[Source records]
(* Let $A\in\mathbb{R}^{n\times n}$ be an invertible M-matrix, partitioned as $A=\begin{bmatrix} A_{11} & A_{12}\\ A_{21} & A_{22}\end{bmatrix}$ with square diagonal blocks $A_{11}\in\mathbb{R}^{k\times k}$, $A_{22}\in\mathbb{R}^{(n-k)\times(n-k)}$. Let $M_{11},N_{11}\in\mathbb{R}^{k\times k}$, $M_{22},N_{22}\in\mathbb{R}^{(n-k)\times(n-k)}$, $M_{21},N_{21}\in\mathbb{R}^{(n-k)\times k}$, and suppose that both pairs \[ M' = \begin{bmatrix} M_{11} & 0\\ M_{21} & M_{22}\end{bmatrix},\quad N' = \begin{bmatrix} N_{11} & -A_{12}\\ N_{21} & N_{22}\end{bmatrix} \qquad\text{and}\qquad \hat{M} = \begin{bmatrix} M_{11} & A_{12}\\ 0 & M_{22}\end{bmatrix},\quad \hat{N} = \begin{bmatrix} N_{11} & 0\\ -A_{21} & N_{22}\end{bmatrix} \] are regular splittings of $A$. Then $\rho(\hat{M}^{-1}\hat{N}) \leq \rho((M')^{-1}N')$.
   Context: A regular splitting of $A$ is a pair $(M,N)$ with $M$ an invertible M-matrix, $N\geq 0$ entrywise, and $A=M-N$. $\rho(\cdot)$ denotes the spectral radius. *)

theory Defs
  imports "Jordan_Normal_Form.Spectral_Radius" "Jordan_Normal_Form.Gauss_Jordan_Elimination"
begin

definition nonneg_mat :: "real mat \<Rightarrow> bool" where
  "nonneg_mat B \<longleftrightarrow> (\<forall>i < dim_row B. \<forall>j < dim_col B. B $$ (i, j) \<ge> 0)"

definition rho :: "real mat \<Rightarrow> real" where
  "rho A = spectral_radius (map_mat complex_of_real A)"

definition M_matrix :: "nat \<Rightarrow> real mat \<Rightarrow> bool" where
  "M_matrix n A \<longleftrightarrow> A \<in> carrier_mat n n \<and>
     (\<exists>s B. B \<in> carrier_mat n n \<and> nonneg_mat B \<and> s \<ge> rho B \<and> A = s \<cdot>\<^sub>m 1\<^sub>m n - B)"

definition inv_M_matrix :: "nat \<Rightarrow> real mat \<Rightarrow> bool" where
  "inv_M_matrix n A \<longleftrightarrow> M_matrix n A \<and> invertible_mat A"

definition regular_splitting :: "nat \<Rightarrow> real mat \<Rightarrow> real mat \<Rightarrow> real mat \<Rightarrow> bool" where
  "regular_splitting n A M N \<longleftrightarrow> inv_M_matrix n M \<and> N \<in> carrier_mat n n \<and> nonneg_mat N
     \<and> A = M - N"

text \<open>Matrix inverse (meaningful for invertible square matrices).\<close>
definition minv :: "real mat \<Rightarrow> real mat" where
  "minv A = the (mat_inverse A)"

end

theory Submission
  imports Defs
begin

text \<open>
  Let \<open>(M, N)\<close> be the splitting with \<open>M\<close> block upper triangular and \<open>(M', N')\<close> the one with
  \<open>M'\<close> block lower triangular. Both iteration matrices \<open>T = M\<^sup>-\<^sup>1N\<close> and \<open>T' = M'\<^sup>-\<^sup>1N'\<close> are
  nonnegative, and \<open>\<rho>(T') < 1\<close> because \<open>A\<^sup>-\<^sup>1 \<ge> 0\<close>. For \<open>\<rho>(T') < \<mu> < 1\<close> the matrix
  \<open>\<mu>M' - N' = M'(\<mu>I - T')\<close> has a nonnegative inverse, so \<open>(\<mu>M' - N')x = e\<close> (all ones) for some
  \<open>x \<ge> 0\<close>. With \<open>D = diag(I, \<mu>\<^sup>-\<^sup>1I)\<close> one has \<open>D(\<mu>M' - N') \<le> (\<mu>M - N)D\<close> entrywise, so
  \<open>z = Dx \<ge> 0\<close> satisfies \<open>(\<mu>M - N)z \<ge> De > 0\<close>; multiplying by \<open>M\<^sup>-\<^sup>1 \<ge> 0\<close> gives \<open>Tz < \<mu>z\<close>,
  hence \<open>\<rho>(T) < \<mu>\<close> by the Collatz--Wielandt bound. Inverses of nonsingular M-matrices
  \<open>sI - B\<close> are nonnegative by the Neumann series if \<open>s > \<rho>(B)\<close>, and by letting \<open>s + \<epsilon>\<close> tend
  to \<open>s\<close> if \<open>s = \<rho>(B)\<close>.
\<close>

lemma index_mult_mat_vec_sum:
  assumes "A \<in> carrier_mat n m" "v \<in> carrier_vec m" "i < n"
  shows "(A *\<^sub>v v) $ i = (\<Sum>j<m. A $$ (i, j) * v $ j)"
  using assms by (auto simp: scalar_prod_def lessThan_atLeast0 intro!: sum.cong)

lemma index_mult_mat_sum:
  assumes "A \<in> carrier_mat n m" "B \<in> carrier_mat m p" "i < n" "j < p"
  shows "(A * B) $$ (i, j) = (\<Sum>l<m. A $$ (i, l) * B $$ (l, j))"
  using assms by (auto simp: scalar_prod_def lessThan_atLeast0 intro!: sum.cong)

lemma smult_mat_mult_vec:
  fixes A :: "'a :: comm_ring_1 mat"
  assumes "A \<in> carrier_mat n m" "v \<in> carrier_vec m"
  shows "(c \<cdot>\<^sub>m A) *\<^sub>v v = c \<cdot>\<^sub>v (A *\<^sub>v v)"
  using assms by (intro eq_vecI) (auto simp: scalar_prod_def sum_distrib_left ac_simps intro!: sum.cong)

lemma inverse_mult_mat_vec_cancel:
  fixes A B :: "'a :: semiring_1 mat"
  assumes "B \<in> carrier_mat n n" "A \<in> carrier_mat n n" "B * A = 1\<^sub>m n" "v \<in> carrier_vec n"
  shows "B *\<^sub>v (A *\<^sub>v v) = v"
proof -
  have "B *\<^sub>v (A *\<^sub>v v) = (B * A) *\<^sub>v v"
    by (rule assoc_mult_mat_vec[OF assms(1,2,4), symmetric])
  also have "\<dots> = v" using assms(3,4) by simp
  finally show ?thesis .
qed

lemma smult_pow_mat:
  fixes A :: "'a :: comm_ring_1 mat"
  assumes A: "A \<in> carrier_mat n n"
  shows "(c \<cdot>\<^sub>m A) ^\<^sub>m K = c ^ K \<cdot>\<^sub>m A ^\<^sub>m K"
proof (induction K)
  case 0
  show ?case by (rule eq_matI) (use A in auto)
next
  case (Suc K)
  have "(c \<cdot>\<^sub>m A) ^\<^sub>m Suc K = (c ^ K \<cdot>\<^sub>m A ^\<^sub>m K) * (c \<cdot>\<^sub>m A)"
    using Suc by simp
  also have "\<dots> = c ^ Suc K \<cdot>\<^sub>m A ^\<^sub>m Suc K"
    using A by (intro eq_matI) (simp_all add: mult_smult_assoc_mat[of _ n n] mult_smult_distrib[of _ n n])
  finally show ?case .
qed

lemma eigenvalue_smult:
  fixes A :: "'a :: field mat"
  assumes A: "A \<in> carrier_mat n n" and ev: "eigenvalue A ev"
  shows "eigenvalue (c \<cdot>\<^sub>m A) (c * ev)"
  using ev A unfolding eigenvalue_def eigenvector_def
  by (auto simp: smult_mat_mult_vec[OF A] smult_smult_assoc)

■ Your objective ■
Please repeat every record above word for word.

■ Exercise answer ■
(* Let $A\in\mathbb{R}^{n\times n}$ be an invertible M-matrix, partitioned as $A=\begin{bmatrix} A_{11} & A_{12}\\ A_{21} & A_{22}\end{bmatrix}$ with square diagonal blocks $A_{11}\in\mathbb{R}^{k\times k}$, $A_{22}\in\mathbb{R}^{(n-k)\times(n-k)}$. Let $M_{11},N_{11}\in\mathbb{R}^{k\times k}$, $M_{22},N_{22}\in\mathbb{R}^{(n-k)\times(n-k)}$, $M_{21},N_{21}\in\mathbb{R}^{(n-k)\times k}$, and suppose that both pairs \[ M' = \begin{bmatrix} M_{11} & 0\\ M_{21} & M_{22}\end{bmatrix},\quad N' = \begin{bmatrix} N_{11} & -A_{12}\\ N_{21} & N_{22}\end{bmatrix} \qquad\text{and}\qquad \hat{M} = \begin{bmatrix} M_{11} & A_{12}\\ 0 & M_{22}\end{bmatrix},\quad \hat{N} = \begin{bmatrix} N_{11} & 0\\ -A_{21} & N_{22}\end{bmatrix} \] are regular splittings of $A$. Then $\rho(\hat{M}^{-1}\hat{N}) \leq \rho((M')^{-1}N')$.
   Context: A regular splitting of $A$ is a pair $(M,N)$ with $M$ an invertible M-matrix, $N\geq 0$ entrywise, and $A=M-N$. $\rho(\cdot)$ denotes the spectral radius. *)

theory Defs
  imports "Jordan_Normal_Form.Spectral_Radius" "Jordan_Normal_Form.Gauss_Jordan_Elimination"
begin

definition nonneg_mat :: "real mat \<Rightarrow> bool" where
  "nonneg_mat B \<longleftrightarrow> (\<forall>i < dim_row B. \<forall>j < dim_col B. B $$ (i, j) \<ge> 0)"

definition rho :: "real mat \<Rightarrow> real" where
  "rho A = spectral_radius (map_mat complex_of_real A)"

definition M_matrix :: "nat \<Rightarrow> real mat \<Rightarrow> bool" where
  "M_matrix n A \<longleftrightarrow> A \<in> carrier_mat n n \<and>
     (\<exists>s B. B \<in> carrier_mat n n \<and> nonneg_mat B \<and> s \<ge> rho B \<and> A = s \<cdot>\<^sub>m 1\<^sub>m n - B)"

definition inv_M_matrix :: "nat \<Rightarrow> real mat \<Rightarrow> bool" where
  "inv_M_matrix n A \<longleftrightarrow> M_matrix n A \<and> invertible_mat A"

definition regular_splitting :: "nat \<Rightarrow> real mat \<Rightarrow> real mat \<Rightarrow> real mat \<Rightarrow> bool" where
  "regular_splitting n A M N \<longleftrightarrow> inv_M_matrix n M \<and> N \<in> carrier_mat n n \<and> nonneg_mat N
     \<and> A = M - N"

text \<open>Matrix inverse (meaningful for invertible square matrices).\<close>
definition minv :: "real mat \<Rightarrow> real mat" where
  "minv A = the (mat_inverse A)"

end

theory Submission
  imports Defs
begin

text \<open>
  Let \<open>(M, N)\<close> be the splitting with \<open>M\<close> block upper triangular and \<open>(M', N')\<close> the one with
  \<open>M'\<close> block lower triangular. Both iteration matrices \<open>T = M\<^sup>-\<^sup>1N\<close> and \<open>T' = M'\<^sup>-\<^sup>1N'\<close> are
  nonnegative, and \<open>\<rho>(T') < 1\<close> because \<open>A\<^sup>-\<^sup>1 \<ge> 0\<close>. For \<open>\<rho>(T') < \<mu> < 1\<close> the matrix
  \<open>\<mu>M' - N' = M'(\<mu>I - T')\<close> has a nonnegative inverse, so \<open>(\<mu>M' - N')x = e\<close> (all ones) for some
  \<open>x \<ge> 0\<close>. With \<open>D = diag(I, \<mu>\<^sup>-\<^sup>1I)\<close> one has \<open>D(\<mu>M' - N') \<le> (\<mu>M - N)D\<close> entrywise, so
  \<open>z = Dx \<ge> 0\<close> satisfies \<open>(\<mu>M - N)z \<ge> De > 0\<close>; multiplying by \<open>M\<^sup>-\<^sup>1 \<ge> 0\<close> gives \<open>Tz < \<mu>z\<close>,
  hence \<open>\<rho>(T) < \<mu>\<close> by the Collatz--Wielandt bound. Inverses of nonsingular M-matrices
  \<open>sI - B\<close> are nonnegative by the Neumann series if \<open>s > \<rho>(B)\<close>, and by letting \<open>s + \<epsilon>\<close> tend
  to \<open>s\<close> if \<open>s = \<rho>(B)\<close>.
\<close>

lemma index_mult_mat_vec_sum:
  assumes "A \<in> carrier_mat n m" "v \<in> carrier_vec m" "i < n"
  shows "(A *\<^sub>v v) $ i = (\<Sum>j<m. A $$ (i, j) * v $ j)"
  using assms by (auto simp: scalar_prod_def lessThan_atLeast0 intro!: sum.cong)

lemma index_mult_mat_sum:
  assumes "A \<in> carrier_mat n m" "B \<in> carrier_mat m p" "i < n" "j < p"
  shows "(A * B) $$ (i, j) = (\<Sum>l<m. A $$ (i, l) * B $$ (l, j))"
  using assms by (auto simp: scalar_prod_def lessThan_atLeast0 intro!: sum.cong)

lemma smult_mat_mult_vec:
  fixes A :: "'a :: comm_ring_1 mat"
  assumes "A \<in> carrier_mat n m" "v \<in> carrier_vec m"
  shows "(c \<cdot>\<^sub>m A) *\<^sub>v v = c \<cdot>\<^sub>v (A *\<^sub>v v)"
  using assms by (intro eq_vecI) (auto simp: scalar_prod_def sum_distrib_left ac_simps intro!: sum.cong)

lemma inverse_mult_mat_vec_cancel:
  fixes A B :: "'a :: semiring_1 mat"
  assumes "B \<in> carrier_mat n n" "A \<in> carrier_mat n n" "B * A = 1\<^sub>m n" "v \<in> carrier_vec n"
  shows "B *\<^sub>v (A *\<^sub>v v) = v"
proof -
  have "B *\<^sub>v (A *\<^sub>v v) = (B * A) *\<^sub>v v"
    by (rule assoc_mult_mat_vec[OF assms(1,2,4), symmetric])
  also have "\<dots> = v" using assms(3,4) by simp
  finally show ?thesis .
qed

lemma smult_pow_mat:
  fixes A :: "'a :: comm_ring_1 mat"
  assumes A: "A \<in> carrier_mat n n"
  shows "(c \<cdot>\<^sub>m A) ^\<^sub>m K = c ^ K \<cdot>\<^sub>m A ^\<^sub>m K"
proof (induction K)
  case 0
  show ?case by (rule eq_matI) (use A in auto)
next
  case (Suc K)
  have "(c \<cdot>\<^sub>m A) ^\<^sub>m Suc K = (c ^ K \<cdot>\<^sub>m A ^\<^sub>m K) * (c \<cdot>\<^sub>m A)"
    using Suc by simp
  also have "\<dots> = c ^ Suc K \<cdot>\<^sub>m A ^\<^sub>m Suc K"
    using A by (intro eq_matI) (simp_all add: mult_smult_assoc_mat[of _ n n] mult_smult_distrib[of _ n n])
  finally show ?case .
qed

lemma eigenvalue_smult:
  fixes A :: "'a :: field mat"
  assumes A: "A \<in> carrier_mat n n" and ev: "eigenvalue A ev"
  shows "eigenvalue (c \<cdot>\<^sub>m A) (c * ev)"
  using ev A unfolding eigenvalue_def eigenvector_def
  by (auto simp: smult_mat_mult_vec[OF A] smult_smult_assoc)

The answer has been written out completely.